== Exercise requirements ==
Search the listing below for "also". Copy each matching line.

== Exercise data ==
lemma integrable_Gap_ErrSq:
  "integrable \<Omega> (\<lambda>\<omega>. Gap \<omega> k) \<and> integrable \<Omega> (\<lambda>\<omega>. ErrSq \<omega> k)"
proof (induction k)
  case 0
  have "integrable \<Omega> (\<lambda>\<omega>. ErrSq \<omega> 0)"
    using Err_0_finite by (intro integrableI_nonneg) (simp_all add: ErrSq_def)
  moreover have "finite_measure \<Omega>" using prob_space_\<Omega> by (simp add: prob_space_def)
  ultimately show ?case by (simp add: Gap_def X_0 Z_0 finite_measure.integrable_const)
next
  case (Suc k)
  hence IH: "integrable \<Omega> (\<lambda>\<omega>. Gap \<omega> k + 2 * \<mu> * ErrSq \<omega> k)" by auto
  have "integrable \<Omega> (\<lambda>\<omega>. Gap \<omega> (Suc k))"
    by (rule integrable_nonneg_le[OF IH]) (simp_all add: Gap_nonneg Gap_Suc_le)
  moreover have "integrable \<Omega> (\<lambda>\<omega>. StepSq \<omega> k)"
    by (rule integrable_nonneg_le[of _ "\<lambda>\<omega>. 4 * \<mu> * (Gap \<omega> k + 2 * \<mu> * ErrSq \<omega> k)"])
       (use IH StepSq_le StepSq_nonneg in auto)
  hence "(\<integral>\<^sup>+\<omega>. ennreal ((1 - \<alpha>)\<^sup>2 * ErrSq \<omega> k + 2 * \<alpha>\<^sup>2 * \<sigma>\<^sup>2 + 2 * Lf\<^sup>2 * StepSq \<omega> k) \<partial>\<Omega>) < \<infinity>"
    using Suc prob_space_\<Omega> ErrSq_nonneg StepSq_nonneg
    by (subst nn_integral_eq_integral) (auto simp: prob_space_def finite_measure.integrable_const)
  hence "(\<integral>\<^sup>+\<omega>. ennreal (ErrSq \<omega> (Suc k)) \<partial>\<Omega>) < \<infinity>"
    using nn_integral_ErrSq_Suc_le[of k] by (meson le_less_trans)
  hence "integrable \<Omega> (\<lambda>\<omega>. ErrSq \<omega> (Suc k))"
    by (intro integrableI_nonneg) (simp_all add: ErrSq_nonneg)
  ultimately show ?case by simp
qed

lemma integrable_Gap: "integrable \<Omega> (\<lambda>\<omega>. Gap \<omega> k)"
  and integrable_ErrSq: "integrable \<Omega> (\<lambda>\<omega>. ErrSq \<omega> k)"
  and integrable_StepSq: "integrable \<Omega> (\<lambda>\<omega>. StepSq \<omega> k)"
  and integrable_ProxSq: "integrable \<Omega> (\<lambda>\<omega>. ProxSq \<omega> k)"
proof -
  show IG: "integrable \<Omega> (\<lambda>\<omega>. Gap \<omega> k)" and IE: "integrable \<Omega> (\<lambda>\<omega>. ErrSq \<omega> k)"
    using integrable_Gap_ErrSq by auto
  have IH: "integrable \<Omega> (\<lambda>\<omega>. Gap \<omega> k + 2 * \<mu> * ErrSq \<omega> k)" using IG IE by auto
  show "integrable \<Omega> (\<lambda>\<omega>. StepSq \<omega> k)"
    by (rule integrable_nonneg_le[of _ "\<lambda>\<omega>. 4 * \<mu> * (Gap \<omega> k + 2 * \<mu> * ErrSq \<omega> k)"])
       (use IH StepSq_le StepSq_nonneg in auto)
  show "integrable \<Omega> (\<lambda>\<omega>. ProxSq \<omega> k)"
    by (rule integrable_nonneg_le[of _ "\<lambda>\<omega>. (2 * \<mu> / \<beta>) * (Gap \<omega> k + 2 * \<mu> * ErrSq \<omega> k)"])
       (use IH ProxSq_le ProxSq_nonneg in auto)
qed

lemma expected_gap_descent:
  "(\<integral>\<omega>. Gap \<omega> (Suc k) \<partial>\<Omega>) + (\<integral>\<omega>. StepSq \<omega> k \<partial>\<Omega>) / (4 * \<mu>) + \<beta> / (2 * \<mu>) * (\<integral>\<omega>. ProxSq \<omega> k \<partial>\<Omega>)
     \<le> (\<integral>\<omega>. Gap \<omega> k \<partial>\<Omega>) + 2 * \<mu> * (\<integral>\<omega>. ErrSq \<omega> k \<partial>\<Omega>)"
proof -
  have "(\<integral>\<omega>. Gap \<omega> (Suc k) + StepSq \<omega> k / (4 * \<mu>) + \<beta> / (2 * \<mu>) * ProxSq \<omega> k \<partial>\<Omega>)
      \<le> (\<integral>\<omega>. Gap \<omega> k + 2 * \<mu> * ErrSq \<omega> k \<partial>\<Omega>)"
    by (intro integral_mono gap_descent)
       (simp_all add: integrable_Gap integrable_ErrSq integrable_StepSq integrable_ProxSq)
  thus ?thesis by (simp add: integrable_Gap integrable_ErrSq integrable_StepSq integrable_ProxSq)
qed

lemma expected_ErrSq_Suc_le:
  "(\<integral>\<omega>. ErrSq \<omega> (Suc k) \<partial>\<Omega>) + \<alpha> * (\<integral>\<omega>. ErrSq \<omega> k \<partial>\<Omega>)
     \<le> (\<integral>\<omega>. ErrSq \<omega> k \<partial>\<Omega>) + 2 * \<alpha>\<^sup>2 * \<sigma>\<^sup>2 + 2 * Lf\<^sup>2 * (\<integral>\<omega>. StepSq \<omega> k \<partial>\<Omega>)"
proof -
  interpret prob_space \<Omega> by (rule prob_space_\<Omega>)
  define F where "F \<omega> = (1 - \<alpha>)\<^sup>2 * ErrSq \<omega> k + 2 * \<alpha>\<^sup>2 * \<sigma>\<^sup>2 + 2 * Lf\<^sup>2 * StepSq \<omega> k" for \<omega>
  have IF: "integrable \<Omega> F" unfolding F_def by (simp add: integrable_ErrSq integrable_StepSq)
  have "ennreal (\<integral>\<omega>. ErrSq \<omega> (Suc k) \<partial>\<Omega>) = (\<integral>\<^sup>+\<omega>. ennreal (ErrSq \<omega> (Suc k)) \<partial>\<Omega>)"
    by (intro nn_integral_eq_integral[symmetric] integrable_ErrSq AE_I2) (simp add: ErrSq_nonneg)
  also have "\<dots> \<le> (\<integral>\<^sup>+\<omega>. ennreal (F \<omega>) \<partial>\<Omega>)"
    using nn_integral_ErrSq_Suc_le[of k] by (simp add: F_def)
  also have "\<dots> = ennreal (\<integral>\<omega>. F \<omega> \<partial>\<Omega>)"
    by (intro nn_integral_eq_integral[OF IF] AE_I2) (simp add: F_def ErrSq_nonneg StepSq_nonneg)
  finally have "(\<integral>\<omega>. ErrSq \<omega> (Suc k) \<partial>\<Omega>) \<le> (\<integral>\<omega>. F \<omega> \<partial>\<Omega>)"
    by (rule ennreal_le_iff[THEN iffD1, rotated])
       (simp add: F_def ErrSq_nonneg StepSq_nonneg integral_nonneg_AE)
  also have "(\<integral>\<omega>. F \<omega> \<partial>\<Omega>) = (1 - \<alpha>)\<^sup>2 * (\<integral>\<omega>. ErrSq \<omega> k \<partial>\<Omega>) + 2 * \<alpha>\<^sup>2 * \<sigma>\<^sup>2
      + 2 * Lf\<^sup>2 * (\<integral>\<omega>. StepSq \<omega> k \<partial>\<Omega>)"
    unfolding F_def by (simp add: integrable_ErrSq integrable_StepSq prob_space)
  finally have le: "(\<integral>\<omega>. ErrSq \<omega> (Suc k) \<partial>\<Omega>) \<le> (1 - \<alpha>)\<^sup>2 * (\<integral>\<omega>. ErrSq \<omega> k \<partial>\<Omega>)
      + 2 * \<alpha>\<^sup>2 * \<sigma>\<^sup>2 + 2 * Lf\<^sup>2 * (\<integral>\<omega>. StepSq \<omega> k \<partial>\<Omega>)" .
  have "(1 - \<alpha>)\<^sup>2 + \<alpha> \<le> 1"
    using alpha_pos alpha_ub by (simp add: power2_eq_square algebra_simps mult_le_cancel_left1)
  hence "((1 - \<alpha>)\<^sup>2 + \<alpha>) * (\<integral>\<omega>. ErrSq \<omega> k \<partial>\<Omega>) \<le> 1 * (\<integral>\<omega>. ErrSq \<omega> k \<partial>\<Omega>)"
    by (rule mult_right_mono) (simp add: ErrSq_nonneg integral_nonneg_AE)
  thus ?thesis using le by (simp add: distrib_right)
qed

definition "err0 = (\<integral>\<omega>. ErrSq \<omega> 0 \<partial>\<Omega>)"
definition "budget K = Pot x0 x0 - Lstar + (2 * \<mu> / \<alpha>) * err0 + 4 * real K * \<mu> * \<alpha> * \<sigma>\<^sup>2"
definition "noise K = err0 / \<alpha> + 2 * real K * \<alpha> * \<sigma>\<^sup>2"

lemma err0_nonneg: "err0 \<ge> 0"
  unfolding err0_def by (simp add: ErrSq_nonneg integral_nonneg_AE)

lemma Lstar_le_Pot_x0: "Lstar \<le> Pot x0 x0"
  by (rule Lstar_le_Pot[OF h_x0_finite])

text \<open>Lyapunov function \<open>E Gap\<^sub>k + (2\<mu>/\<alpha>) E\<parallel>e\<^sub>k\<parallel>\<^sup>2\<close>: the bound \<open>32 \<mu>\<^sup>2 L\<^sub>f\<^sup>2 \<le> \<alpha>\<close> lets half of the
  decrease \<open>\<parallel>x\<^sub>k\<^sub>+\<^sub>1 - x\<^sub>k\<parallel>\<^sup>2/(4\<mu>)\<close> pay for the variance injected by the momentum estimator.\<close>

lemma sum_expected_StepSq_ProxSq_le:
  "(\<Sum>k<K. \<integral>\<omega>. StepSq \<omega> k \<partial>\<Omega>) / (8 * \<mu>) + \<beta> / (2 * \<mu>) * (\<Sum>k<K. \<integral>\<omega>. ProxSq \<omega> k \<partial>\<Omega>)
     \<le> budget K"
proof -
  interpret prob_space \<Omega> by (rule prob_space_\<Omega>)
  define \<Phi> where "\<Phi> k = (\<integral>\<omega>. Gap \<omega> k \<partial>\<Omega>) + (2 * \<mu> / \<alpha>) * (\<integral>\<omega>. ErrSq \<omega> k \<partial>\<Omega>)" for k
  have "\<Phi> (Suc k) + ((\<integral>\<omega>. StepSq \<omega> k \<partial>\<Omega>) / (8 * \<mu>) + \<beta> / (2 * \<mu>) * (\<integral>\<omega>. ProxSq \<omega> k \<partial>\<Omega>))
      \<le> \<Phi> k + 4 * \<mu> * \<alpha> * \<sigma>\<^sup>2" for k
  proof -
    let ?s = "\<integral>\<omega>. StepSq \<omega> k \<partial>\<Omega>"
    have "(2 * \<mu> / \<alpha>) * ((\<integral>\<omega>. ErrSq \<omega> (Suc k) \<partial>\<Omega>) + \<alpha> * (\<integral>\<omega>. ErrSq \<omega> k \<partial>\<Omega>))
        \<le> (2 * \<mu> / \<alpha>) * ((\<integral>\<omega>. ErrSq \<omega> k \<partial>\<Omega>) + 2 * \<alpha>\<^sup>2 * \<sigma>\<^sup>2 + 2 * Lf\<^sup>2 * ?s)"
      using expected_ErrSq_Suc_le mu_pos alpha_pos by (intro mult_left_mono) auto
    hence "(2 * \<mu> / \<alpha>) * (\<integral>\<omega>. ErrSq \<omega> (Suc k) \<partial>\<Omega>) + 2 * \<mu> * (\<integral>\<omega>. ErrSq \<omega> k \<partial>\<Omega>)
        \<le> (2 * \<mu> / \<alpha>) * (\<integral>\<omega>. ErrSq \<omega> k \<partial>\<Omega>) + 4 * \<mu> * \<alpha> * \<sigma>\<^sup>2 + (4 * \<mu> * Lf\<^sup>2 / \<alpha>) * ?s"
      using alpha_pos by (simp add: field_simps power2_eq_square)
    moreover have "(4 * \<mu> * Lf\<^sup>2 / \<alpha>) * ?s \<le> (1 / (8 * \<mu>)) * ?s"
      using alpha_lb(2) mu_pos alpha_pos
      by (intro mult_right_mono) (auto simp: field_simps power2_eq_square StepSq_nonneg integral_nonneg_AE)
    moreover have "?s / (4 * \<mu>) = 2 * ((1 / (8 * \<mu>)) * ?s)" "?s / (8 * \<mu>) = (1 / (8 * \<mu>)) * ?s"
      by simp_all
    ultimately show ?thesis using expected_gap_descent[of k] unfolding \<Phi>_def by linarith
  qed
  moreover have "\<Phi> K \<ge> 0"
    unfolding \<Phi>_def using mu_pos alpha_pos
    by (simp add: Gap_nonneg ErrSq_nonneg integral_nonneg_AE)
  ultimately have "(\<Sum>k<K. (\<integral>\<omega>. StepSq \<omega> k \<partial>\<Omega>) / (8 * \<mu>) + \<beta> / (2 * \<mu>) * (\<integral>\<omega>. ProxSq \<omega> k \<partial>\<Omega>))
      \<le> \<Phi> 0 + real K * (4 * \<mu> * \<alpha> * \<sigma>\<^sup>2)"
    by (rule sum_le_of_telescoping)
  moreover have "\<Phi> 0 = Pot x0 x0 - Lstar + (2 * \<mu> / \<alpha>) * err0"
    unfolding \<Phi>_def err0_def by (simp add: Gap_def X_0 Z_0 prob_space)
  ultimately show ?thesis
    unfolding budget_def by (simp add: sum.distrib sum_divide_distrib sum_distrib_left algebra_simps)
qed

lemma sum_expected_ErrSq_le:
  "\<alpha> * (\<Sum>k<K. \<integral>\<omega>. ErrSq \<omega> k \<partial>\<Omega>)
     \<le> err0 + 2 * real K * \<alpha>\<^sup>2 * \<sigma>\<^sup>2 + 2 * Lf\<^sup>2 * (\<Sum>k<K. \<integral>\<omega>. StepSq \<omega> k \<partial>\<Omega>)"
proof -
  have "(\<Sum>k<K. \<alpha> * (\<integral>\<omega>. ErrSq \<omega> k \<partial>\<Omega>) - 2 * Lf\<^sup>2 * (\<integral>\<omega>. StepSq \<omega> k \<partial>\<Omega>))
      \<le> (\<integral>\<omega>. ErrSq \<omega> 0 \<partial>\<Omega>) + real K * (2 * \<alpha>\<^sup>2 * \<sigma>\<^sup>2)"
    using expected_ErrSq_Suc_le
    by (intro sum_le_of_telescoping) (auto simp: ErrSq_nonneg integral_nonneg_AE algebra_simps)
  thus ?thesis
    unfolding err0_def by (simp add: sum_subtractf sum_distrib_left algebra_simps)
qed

== Solution ==
  also have "\<dots> \<le> (\<integral>\<^sup>+\<omega>. ennreal (F \<omega>) \<partial>\<Omega>)"
  also have "\<dots> = ennreal (\<integral>\<omega>. F \<omega> \<partial>\<Omega>)"
  also have "(\<integral>\<omega>. F \<omega> \<partial>\<Omega>) = (1 - \<alpha>)\<^sup>2 * (\<integral>\<omega>. ErrSq \<omega> k \<partial>\<Omega>) + 2 * \<alpha>\<^sup>2 * \<sigma>\<^sup>2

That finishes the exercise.